EXERCISE DIRECTIONS
Your answer is to be the count alone: the number of lines in the data below where "True" appears.

DATA FOR THIS EXERCISE

(* Let $d\ge1$, $m,c>0$, and let $p,p_*,\hat p',\hat p'_*\in\mathbb{R}^d$ with associated energies $p_0=\sqrt{(mc)^2+|p|^2}$, $p_{0*}=\sqrt{(mc)^2+|p_*|^2}$, $\hat p_0'=\sqrt{(mc)^2+|\hat p'|^2}$, $\hat p_{0*}'=\sqrt{(mc)^2+|\hat p'_*|^2}$ satisfy the conservation laws \[ p+p_*=\hat p'+\hat p'_*\quad\text{and}\quad p_0+p_{0*}=\hat p_0'+\hat p_{0*}'. \] Then there exists $\omega\in S^{d-1}$ such that \[ \hat p'=\frac{p+p_*}{2}+\frac g2\Big(I_d+(\rho-1)\frac{v\otimes v}{|v|^2}\Big)\omega,\qquad \hat p'_*=\frac{p+p_*}{2}-\frac g2\Big(I_d+(\rho-1)\frac{v\otimes v}{|v|^2}\Big)\omega, \] and \[ \hat p_0'=\frac{p_0+p_{0*}}{2}+\frac g2\,\frac{p+p_*}{\sqrt s}\cdot\omega,\qquad \hat p_{0*}'=\frac{p_0+p_{0*}}{2}-\frac g2\,\frac{p+p_*}{\sqrt s}\cdot\omega. \]
   Context: $s=(p_0+p_{0*})^2-|p+p_*|^2$, $g=\sqrt{|p-p_*|^2-(p_0-p_{0*})^2}$, $v=\frac{p+p_*}{p_0+p_{0*}}$, $\rho=\frac{p_0+p_{0*}}{\sqrt s}$; when $v=0$ (so $\rho=1$) the term $(\rho-1)\frac{v\otimes v}{|v|^2}$ is interpreted as $0$. *)

theory Defs
  imports "HOL-Analysis.Analysis"
begin

definition energy :: "real \<Rightarrow> real \<Rightarrow> 'a::real_normed_vector \<Rightarrow> real" where
  "energy m c p = sqrt ((m*c)^2 + (norm p)^2)"

definition rel_s :: "real \<Rightarrow> real \<Rightarrow> 'a::real_inner \<Rightarrow> 'a \<Rightarrow> real" where
  "rel_s m c p q = (energy m c p + energy m c q)^2 - (norm (p + q))^2"

definition rel_g :: "real \<Rightarrow> real \<Rightarrow> 'a::real_inner \<Rightarrow> 'a \<Rightarrow> real" where
  "rel_g m c p q = sqrt ((norm (p - q))^2 - (energy m c p - energy m c q)^2)"

definition rel_v :: "real \<Rightarrow> real \<Rightarrow> 'a::real_inner \<Rightarrow> 'a \<Rightarrow> 'a" where
  "rel_v m c p q = (1 / (energy m c p + energy m c q)) *\<^sub>R (p + q)"

definition rel_rho :: "real \<Rightarrow> real \<Rightarrow> 'a::real_inner \<Rightarrow> 'a \<Rightarrow> real" where
  "rel_rho m c p q = (energy m c p + energy m c q) / sqrt (rel_s m c p q)"

definition boost_matrix :: "real \<Rightarrow> real ^ 'n \<Rightarrow> real ^ 'n ^ 'n" where
  "boost_matrix \<rho> v =
     (if v = 0 then mat 1
      else mat 1 + (\<chi> i j. (\<rho> - 1) * (v $ i * v $ j) / (norm v)^2))"

end

theory Submission
  imports Defs
begin

text \<open>
  Write u = q - (p + p_*)/2 and w = q_0 - (p_0 + p_0*)/2. The quantity
  |p - p_*|^2 - (p_0 - p_0*)^2 = s - 4(mc)^2 depends only on the total energy-momentum, so
  conservation gives g^2 = 4(|u|^2 - w^2); subtracting the two mass-shell relations of the
  outgoing particles gives w = v . u. Because rho^2 (1 - |v|^2) = 1, the boost matrix B_rho is
  inverted by B_(1/rho), which maps u to a vector of length sqrt(|u|^2 - (v . u)^2) = g/2.
  Writing that vector as (g/2) omega with |omega| = 1 yields u = (g/2) B_rho omega, and
  v . B_rho omega = rho (v . omega) turns w = v . u into the energy formula.
\<close>

lemma boost_matrix_mult_vec:
  "boost_matrix r v *v x = x + ((r - 1) / (norm v)^2 * (v \<bullet> x)) *\<^sub>R v"
proof (cases "v = 0")
  case False
  have "(\<chi> i j. (r - 1) * (v $ i * v $ j) / (norm v)^2) *v x
      = ((r - 1) / (norm v)^2 * (v \<bullet> x)) *\<^sub>R v"
    by (simp add: vec_eq_iff matrix_vector_mult_def inner_vec_def sum_distrib_left
        sum_divide_distrib algebra_simps)
  with False show ?thesis
    by (simp add: boost_matrix_def matrix_vector_mult_add_rdistrib)
qed (simp add: boost_matrix_def)

lemma inner_boost_matrix_mult_vec: "v \<bullet> (boost_matrix r v *v x) = r * (v \<bullet> x)"
  by (cases "v = 0")
    (simp_all add: boost_matrix_mult_vec inner_add_right power2_norm_eq_inner field_simps)

lemma boost_matrix_mult_vec_inverse:
  assumes "r \<noteq> 0"
  shows "boost_matrix r v *v (boost_matrix (1 / r) v *v x) = x"
proof -
  define a b where "a = (r - 1) / (norm v)^2" and "b = (1 / r - 1) / (norm v)^2"
  have "b + a * (1 / r) = ((1 / r - 1) + (r - 1) * (1 / r)) / (norm v)^2"
    by (simp add: a_def b_def add_divide_distrib)
  also have "\<dots> = 0"
    using assms by (simp add: field_simps)
  finally have coeff: "b + a * (1 / r) = 0" .
  have "boost_matrix r v *v (boost_matrix (1 / r) v *v x)
      = boost_matrix (1 / r) v *v x + (a * (1 / r * (v \<bullet> x))) *\<^sub>R v"
    by (simp only: a_def boost_matrix_mult_vec [of r] inner_boost_matrix_mult_vec)
  also have "\<dots> = x + ((b + a * (1 / r)) * (v \<bullet> x)) *\<^sub>R v"
    by (simp only: b_def boost_matrix_mult_vec [of "1 / r"] distrib_right scaleR_add_left
        add.assoc mult.assoc)
  also have "\<dots> = x"
    unfolding coeff by simp
  finally show ?thesis .
qed

lemma norm_boost_matrix_mult_vec_sq:
  "(norm (boost_matrix r v *v x))^2 = (norm x)^2 + (r^2 - 1) * (v \<bullet> x)^2 / (norm v)^2"
proof (cases "v = 0")
  case False
  define a where "a = (r - 1) / (norm v)^2"
  have r_eq: "r = a * (norm v)^2 + 1"
    using False by (simp add: a_def)
  have "(norm (x + t *\<^sub>R v))^2 = (norm x)^2 + (2 * t * (v \<bullet> x) + t^2 * (norm v)^2)" for t
    unfolding power2_norm_eq_inner
    by (simp add: inner_add_left inner_add_right inner_commute algebra_simps power2_eq_square)
  moreover have "2 * (a * (v \<bullet> x)) * (v \<bullet> x) + (a * (v \<bullet> x))^2 * (norm v)^2
      = (r + 1) * a * (v \<bullet> x)^2"
    unfolding r_eq by (simp add: algebra_simps power2_eq_square)
  moreover have "(r + 1) * a * (v \<bullet> x)^2 = (r^2 - 1) * (v \<bullet> x)^2 / (norm v)^2"
    using False unfolding a_def by (simp add: field_simps power2_eq_square)
  ultimately show ?thesis
    by (simp add: boost_matrix_mult_vec a_def [symmetric])
qed (simp add: boost_matrix_def)

lemma norm_boost_matrix_inverse_sq:
  assumes "r^2 * (1 - (norm v)^2) = 1"
  shows "(norm (boost_matrix (1 / r) v *v x))^2 = (norm x)^2 - (v \<bullet> x)^2"
proof (cases "v = 0")
  case False
  from assms have "r \<noteq> 0"
    by auto
  then have "(1 / r)^2 = (1 / r)^2 * (r^2 * (1 - (norm v)^2))"
    using assms by simp
  also have "\<dots> = 1 - (norm v)^2"
    using \<open>r \<noteq> 0\<close> by (simp add: power_divide)
  finally have "(1 / r)^2 - 1 = - ((norm v)^2)"
    by simp
  with False show ?thesis
    by (simp add: norm_boost_matrix_mult_vec_sq)
qed (simp add: boost_matrix_def)

lemma energy_sq: "(energy m c p)^2 = (m * c)^2 + (norm p)^2"
  by (simp add: energy_def)

lemma energy_nonneg: "0 \<le> energy m c p"
  by (simp add: energy_def)

lemma norm_less_energy:
  assumes "m * c \<noteq> 0"
  shows "norm p < energy m c p"
proof -
  have "sqrt ((norm p)^2) < sqrt ((m * c)^2 + (norm p)^2)"
    using assms by (intro real_sqrt_less_mono) simp
  then show ?thesis
    by (simp add: energy_def)
qed

lemma energy_diff_mult_sum:
  "(energy m c p - energy m c q) * (energy m c p + energy m c q) = (p - q) \<bullet> (p + q)"
  using energy_sq [of m c p, unfolded power2_norm_eq_inner]
    energy_sq [of m c q, unfolded power2_norm_eq_inner]
  by (simp add: power2_norm_eq_inner inner_diff_left inner_add_right inner_commute
      algebra_simps power2_eq_square)

lemma norm_diff_sq_minus_energy_diff_sq:
  "(norm (p - q))^2 - (energy m c p - energy m c q)^2 = rel_s m c p q - 4 * (m * c)^2"
proof -
  have "(norm (p - q))^2 = (norm p)^2 + (norm q)^2 - 2 * (p \<bullet> q)"
    and "(norm (p + q))^2 = (norm p)^2 + (norm q)^2 + 2 * (p \<bullet> q)"
    unfolding power2_norm_eq_inner
    by (simp_all add: inner_diff_left inner_diff_right inner_add_left inner_add_right inner_commute)
  then show ?thesis
    using energy_sq [of m c p] energy_sq [of m c q]
    unfolding rel_s_def power2_diff power2_sum by linarith
qed

lemma rel_s_pos:
  assumes "m * c \<noteq> 0"
  shows "0 < rel_s m c p q"
proof -
  have "norm (p + q) < energy m c p + energy m c q"
    using norm_less_energy [OF assms, of p] norm_less_energy [OF assms, of q]
      norm_triangle_ineq [of p q] by linarith
  then show ?thesis
    unfolding rel_s_def by (simp add: power_strict_mono)
qed

lemma rel_s_energy_pos:
  assumes "0 < rel_s m c p q"
  shows "0 < energy m c p + energy m c q"
proof -
  have "energy m c p + energy m c q \<noteq> 0"
    using assms by (auto simp: rel_s_def)
  then show ?thesis
    using energy_nonneg [of m c p] energy_nonneg [of m c q] by linarith
qed

lemma rel_rho_sq_lorentz:
  assumes "0 < rel_s m c p q"
  shows "(rel_rho m c p q)^2 * (1 - (norm (rel_v m c p q))^2) = 1"
proof -
  define E where "E = energy m c p + energy m c q"
  have "0 < E" and s_eq: "rel_s m c p q = E^2 - (norm (p + q))^2"
    using rel_s_energy_pos [OF assms] by (simp_all add: E_def rel_s_def)
  have "(rel_rho m c p q)^2 = E^2 / rel_s m c p q"
    using assms by (simp add: rel_rho_def E_def [symmetric] power_divide)
  moreover have "1 - (norm (rel_v m c p q))^2 = rel_s m c p q / E^2"
    using \<open>0 < E\<close> unfolding rel_v_def E_def [symmetric] norm_scaleR s_eq
    by (simp add: power_divide power_mult_distrib field_simps)
  ultimately show ?thesis
    using assms \<open>0 < E\<close> by simp
qed

lemma scaleR_rel_s_sum:
  assumes "0 < rel_s m c p q"
  shows "(1 / sqrt (rel_s m c p q)) *\<^sub>R (p + q) = rel_rho m c p q *\<^sub>R rel_v m c p q"
  using rel_s_energy_pos [OF assms] by (simp add: rel_rho_def rel_v_def)

lemma collision_invariants:
  fixes p ps q qs :: "'a::real_inner"
  assumes momentum_cons: "p + ps = q + qs"
    and energy_cons: "energy m c p + energy m c ps = energy m c q + energy m c qs"
  defines "u \<equiv> q - (1/2) *\<^sub>R (p + ps)"
    and "w \<equiv> energy m c q - (energy m c p + energy m c ps) / 2"
  shows "w * (energy m c p + energy m c ps) = u \<bullet> (p + ps)"
    and "(norm (p - ps))^2 - (energy m c p - energy m c ps)^2 = 4 * ((norm u)^2 - w^2)"
proof -
  have q_diff: "q - qs = 2 *\<^sub>R u"
    by (simp add: u_def scaleR_diff_right scaleR_2 momentum_cons)
  have q_energy_diff: "energy m c q - energy m c qs = 2 * w"
    unfolding w_def energy_cons by (simp add: field_simps)
  show "w * (energy m c p + energy m c ps) = u \<bullet> (p + ps)"
    using energy_diff_mult_sum [of m c q qs]
    by (simp add: q_diff q_energy_diff momentum_cons energy_cons)
  have "rel_s m c p ps = rel_s m c q qs"
    using momentum_cons energy_cons by (simp add: rel_s_def)
  then show "(norm (p - ps))^2 - (energy m c p - energy m c ps)^2 = 4 * ((norm u)^2 - w^2)"
    using norm_diff_sq_minus_energy_diff_sq [of q qs m c]
      norm_diff_sq_minus_energy_diff_sq [of p ps m c]
    by (simp add: q_diff q_energy_diff power_mult_distrib)
qed

lemma exists_unit_scaleR_norm:
  fixes x :: "'a::{real_normed_vector, perfect_space}"
  obtains \<omega> where "norm \<omega> = 1" and "x = norm x *\<^sub>R \<omega>"
proof (cases "x = 0")
  case True
  obtain \<omega> :: 'a where "norm \<omega> = 1"
    using vector_choose_size [of 1] by auto
  with True that show ?thesis
    by simp
next
  case False
  then show ?thesis
    using that [of "sgn x"] by (simp add: norm_sgn sgn_div_norm)
qed

lemma boost_matrix_unit_decomposition:
  fixes u v :: "real ^ 'n"
  assumes lorentz: "r^2 * (1 - (norm v)^2) = 1"
  obtains \<omega> where "norm \<omega> = 1"
    and "u = sqrt ((norm u)^2 - (v \<bullet> u)^2) *\<^sub>R (boost_matrix r v *v \<omega>)"
    and "v \<bullet> u = r * sqrt ((norm u)^2 - (v \<bullet> u)^2) * (v \<bullet> \<omega>)"
proof -
  define x where "x = boost_matrix (1 / r) v *v u"
  have "r \<noteq> 0"
    using lorentz by auto
  have "(norm x)^2 = (norm u)^2 - (v \<bullet> u)^2"
    using norm_boost_matrix_inverse_sq [OF lorentz, of u] by (simp add: x_def)
  then have norm_x: "sqrt ((norm u)^2 - (v \<bullet> u)^2) = norm x"
    by (rule real_sqrt_unique [OF _ norm_ge_zero])
  obtain \<omega> where "norm \<omega> = 1" and x_eq: "x = norm x *\<^sub>R \<omega>"
    by (rule exists_unit_scaleR_norm)
  have "norm x *\<^sub>R (boost_matrix r v *v \<omega>) = boost_matrix r v *v x"
    unfolding matrix_vector_mult_scaleR [symmetric] x_eq [symmetric] ..
  also have "\<dots> = u"
    unfolding x_def by (rule boost_matrix_mult_vec_inverse [OF \<open>r \<noteq> 0\<close>])
  finally have u_eq: "u = norm x *\<^sub>R (boost_matrix r v *v \<omega>)" ..
  have "v \<bullet> u = r * (v \<bullet> x)"
    using \<open>r \<noteq> 0\<close> by (simp add: x_def inner_boost_matrix_mult_vec)
  then have vu_eq: "v \<bullet> u = r * norm x * (v \<bullet> \<omega>)"
    using arg_cong [OF x_eq, of "inner v"] by (simp add: mult.assoc)
  show ?thesis
    by (rule that [unfolded norm_x, OF \<open>norm \<omega> = 1\<close> u_eq vu_eq])
qed

theorem propositionA2:
  fixes m c :: real and p ps q qs :: "real ^ 'n"
  assumes "m > 0" and "c > 0"
    and "p + ps = q + qs"
    and "energy m c p + energy m c ps = energy m c q + energy m c qs"
  shows "\<exists>\<omega> :: real ^ 'n. norm \<omega> = 1 \<and>
     q = (1/2) *\<^sub>R (p + ps) + (rel_g m c p ps / 2) *\<^sub>R
           (boost_matrix (rel_rho m c p ps) (rel_v m c p ps) *v \<omega>) \<and>
     qs = (1/2) *\<^sub>R (p + ps) - (rel_g m c p ps / 2) *\<^sub>R
           (boost_matrix (rel_rho m c p ps) (rel_v m c p ps) *v \<omega>) \<and>
     energy m c q = (energy m c p + energy m c ps) / 2
        + (rel_g m c p ps / 2) * (((1 / sqrt (rel_s m c p ps)) *\<^sub>R (p + ps)) \<bullet> \<omega>) \<and>
     energy m c qs = (energy m c p + energy m c ps) / 2
        - (rel_g m c p ps / 2) * (((1 / sqrt (rel_s m c p ps)) *\<^sub>R (p + ps)) \<bullet> \<omega>)"
proof -
  define P E where "P = p + ps" and "E = energy m c p + energy m c ps"
  define u w where "u = q - (1/2) *\<^sub>R P" and "w = energy m c q - E / 2"
  define \<rho> v where "\<rho> = rel_rho m c p ps" and "v = rel_v m c p ps"
  have s_pos: "0 < rel_s m c p ps"
    using assms(1,2) by (intro rel_s_pos) simp
  have "0 < E"
    using rel_s_energy_pos [OF s_pos] by (simp add: E_def)
  have lorentz: "\<rho>^2 * (1 - (norm v)^2) = 1"
    using rel_rho_sq_lorentz [OF s_pos] by (simp add: \<rho>_def v_def)
  have "w * E = u \<bullet> P"
    and rel_momentum: "(norm (p - ps))^2 - (energy m c p - energy m c ps)^2 = 4 * ((norm u)^2 - w^2)"
    using collision_invariants [OF assms(3,4)] by (simp_all add: u_def w_def P_def E_def)
  then have w_eq: "w = v \<bullet> u"
    using \<open>0 < E\<close> by (simp add: v_def rel_v_def flip: E_def P_def) (simp add: field_simps inner_commute)
  have g_eq: "rel_g m c p ps / 2 = sqrt ((norm u)^2 - (v \<bullet> u)^2)"
    unfolding rel_g_def rel_momentum real_sqrt_mult w_eq by simp
  obtain \<omega> where "norm \<omega> = 1" and boost: "u = (rel_g m c p ps / 2) *\<^sub>R (boost_matrix \<rho> v *v \<omega>)"
    and vu_eq: "v \<bullet> u = \<rho> * (rel_g m c p ps / 2) * (v \<bullet> \<omega>)"
    by (rule boost_matrix_unit_decomposition [OF lorentz, of u, unfolded g_eq [symmetric]])
  have "(1 / sqrt (rel_s m c p ps)) *\<^sub>R P = \<rho> *\<^sub>R v"
    using scaleR_rel_s_sum [OF s_pos] by (simp add: P_def \<rho>_def v_def)
  then have energy: "(rel_g m c p ps / 2) * (((1 / sqrt (rel_s m c p ps)) *\<^sub>R P) \<bullet> \<omega>) = w"
    by (simp add: w_eq vu_eq)
  have "q = (1/2) *\<^sub>R P + u" and "qs = (1/2) *\<^sub>R P - u"
    using assms(3) by (simp_all add: u_def P_def scaleR_add_right)
  moreover have "energy m c q = E / 2 + w" and "energy m c qs = E / 2 - w"
    using assms(4) by (simp_all add: w_def E_def)
  ultimately show ?thesis
    unfolding \<rho>_def [symmetric] v_def [symmetric] P_def [symmetric] E_def [symmetric]
    using \<open>norm \<omega> = 1\<close> by (intro exI [of _ \<omega>] conjI) (simp_all only: boost [symmetric] energy)
qed

end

REPLY
2